Description: A clearer sense of the level of use of library materials in HathiTrust will help shape extended activities such as collection management and further digitization. Volumes in HathiTrust may, in some cases, be read in their entirety, while in other cases they may only be searched. To what extent are search-only materials viewed? Which works that are fully viewable are displayed? Where does that access originate? As HathiTrust introduces authentication, to what extent do users authenticate to get access to a fuller array of services? How frequently is the HathiTrust catalog searched, and how does that use compare to the use of full text indexes? These are some of the questions that an improved service for usage reporting will help to answer.
Resources available: HathiTrust retains raw log data and registers some uses through Google analytics.
Additional details: An institution that undertakes this work must:
- clearly outline a commitment to undertake appropriate measures with regard to user privacy (e.g., with regard to IP addresses and, at such time that HathiTrust implements Shibboleth, user authentication information).

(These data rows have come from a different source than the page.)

(* Let $G$ be a connected graph, and let $L$ be a list-assignment with $|L(u)|\ge\deg(u)+1$ for all $u\in V(G)$ and $|L(v)|\ge\deg(v)+2$ for some vertex $v$. Let $\alpha,\beta$ be two unfrozen $L$-colourings. Fix $w\in V(G)$ and let $P$ be a shortest $v,w$-path. There exists a recolouring sequence $\mathcal{S}$ from $\alpha$ to some $L$-colouring $\gamma$ such that (i) $\gamma(w)=\beta(w)$, (ii) $v$ is unfrozen under $\gamma$, (iii) every vertex recoloured during $\mathcal{S}$ belongs to $V(P)\cup(N(w)\cap\alpha^{-1}(\beta(w)))$, and (iv) $|\mathcal{S}|\le\deg(w)+2+2|V(P)|$.
   Context: An $L$-colouring is a proper colouring $\varphi$ with $\varphi(v)\in L(v)$ for all $v$. A recolouring sequence is a sequence of single-vertex recolouring steps, each changing the colour of one vertex to another colour of its list so that the colouring remains proper; $|\mathcal{S}|$ is its number of steps. A vertex $u$ is frozen under $\varphi$ if every colour of $L(u)\setminus\{\varphi(u)\}$ appears on a neighbour of $u$, and unfrozen otherwise; a colouring is unfrozen if some vertex is unfrozen under it. *)

theory Defs
  imports Main
begin

definition graph :: "'a set \<Rightarrow> ('a \<Rightarrow> 'a \<Rightarrow> bool) \<Rightarrow> bool" where
  "graph V E \<longleftrightarrow> finite V \<and> (\<forall>x y. E x y \<longrightarrow> E y x) \<and> (\<forall>x. \<not> E x x)
     \<and> (\<forall>x y. E x y \<longrightarrow> x \<in> V \<and> y \<in> V)"

definition nbhd :: "'a set \<Rightarrow> ('a \<Rightarrow> 'a \<Rightarrow> bool) \<Rightarrow> 'a \<Rightarrow> 'a set" where
  "nbhd V E u = {x \<in> V. E u x}"

definition deg :: "'a set \<Rightarrow> ('a \<Rightarrow> 'a \<Rightarrow> bool) \<Rightarrow> 'a \<Rightarrow> nat" where
  "deg V E u = card (nbhd V E u)"

definition is_path :: "'a set \<Rightarrow> ('a \<Rightarrow> 'a \<Rightarrow> bool) \<Rightarrow> 'a list \<Rightarrow> bool" where
  "is_path V E p \<longleftrightarrow> p \<noteq> [] \<and> set p \<subseteq> V \<and> distinct p
     \<and> (\<forall>i. Suc i < length p \<longrightarrow> E (p ! i) (p ! Suc i))"

definition connected_graph :: "'a set \<Rightarrow> ('a \<Rightarrow> 'a \<Rightarrow> bool) \<Rightarrow> bool" where
  "connected_graph V E \<longleftrightarrow> V \<noteq> {} \<and>
     (\<forall>x\<in>V. \<forall>y\<in>V. \<exists>p. is_path V E p \<and> hd p = x \<and> last p = y)"

definition shortest_path :: "'a set \<Rightarrow> ('a \<Rightarrow> 'a \<Rightarrow> bool) \<Rightarrow> 'a \<Rightarrow> 'a \<Rightarrow> 'a list \<Rightarrow> bool" where
  "shortest_path V E x y p \<longleftrightarrow> is_path V E p \<and> hd p = x \<and> last p = y \<and>
     (\<forall>q. is_path V E q \<and> hd q = x \<and> last q = y \<longrightarrow> length p \<le> length q)"

definition L_colouring :: "'a set \<Rightarrow> ('a \<Rightarrow> 'a \<Rightarrow> bool) \<Rightarrow> ('a \<Rightarrow> 'c set) \<Rightarrow> ('a \<Rightarrow> 'c) \<Rightarrow> bool" where
  "L_colouring V E L \<phi> \<longleftrightarrow> (\<forall>u\<in>V. \<phi> u \<in> L u) \<and> (\<forall>x\<in>V. \<forall>y\<in>V. E x y \<longrightarrow> \<phi> x \<noteq> \<phi> y)"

Such efforts should include secure storage of sensitive data, appropriate aggregation of data so as to anonymize use by specific individuals, and a commitment to not transfer private user data to a third party;
- outline a process for design and specifications with a group of interested partner libraries;
- give consideration to producing reports consistent with appropriate library community standards (e.g., COUNTER and SUSHI).
Working Group on Computational Research Center – Working group members provided final feedback on the Call for Proposals for a HathiTrust Research Center that will be distributed to HathiTrust institutions in December. The Research Center will make textual and image data in HathiTrust available for a wide variety of computational research and analysis purposes, including research in areas of digital humanities, linguistics, automated translation, and searching and indexing techniques.
Working Group on Collaborative Development Environment – Additional effort devoted to the release of Large-scale Search in November delayed further progress on the development environment, but it is now a prime area of focus. The first milestone, a preliminary proof-of-concept environment that supports current development efforts will be ready for developers at the University of Michigan and the University of California to begin testing in the first half of December. Once this milestone is reached, the working group will be re-engaged to discuss the current provisions of the development environment and explore next steps.
New Programmer For Non-Google Ingest – Staff at the University of Michigan received and reviewed applications for a position to aid in the transformation and modification of non-Google content for ingest into HathiTrust. Five candidates were interviewed by phone in November and three were invited for in-person interviews. After a period of review, the search committee decided to continue the search and repost the position. An additional avenue, involving hiring one or more part time student employees operating with close supervision, is also being considered.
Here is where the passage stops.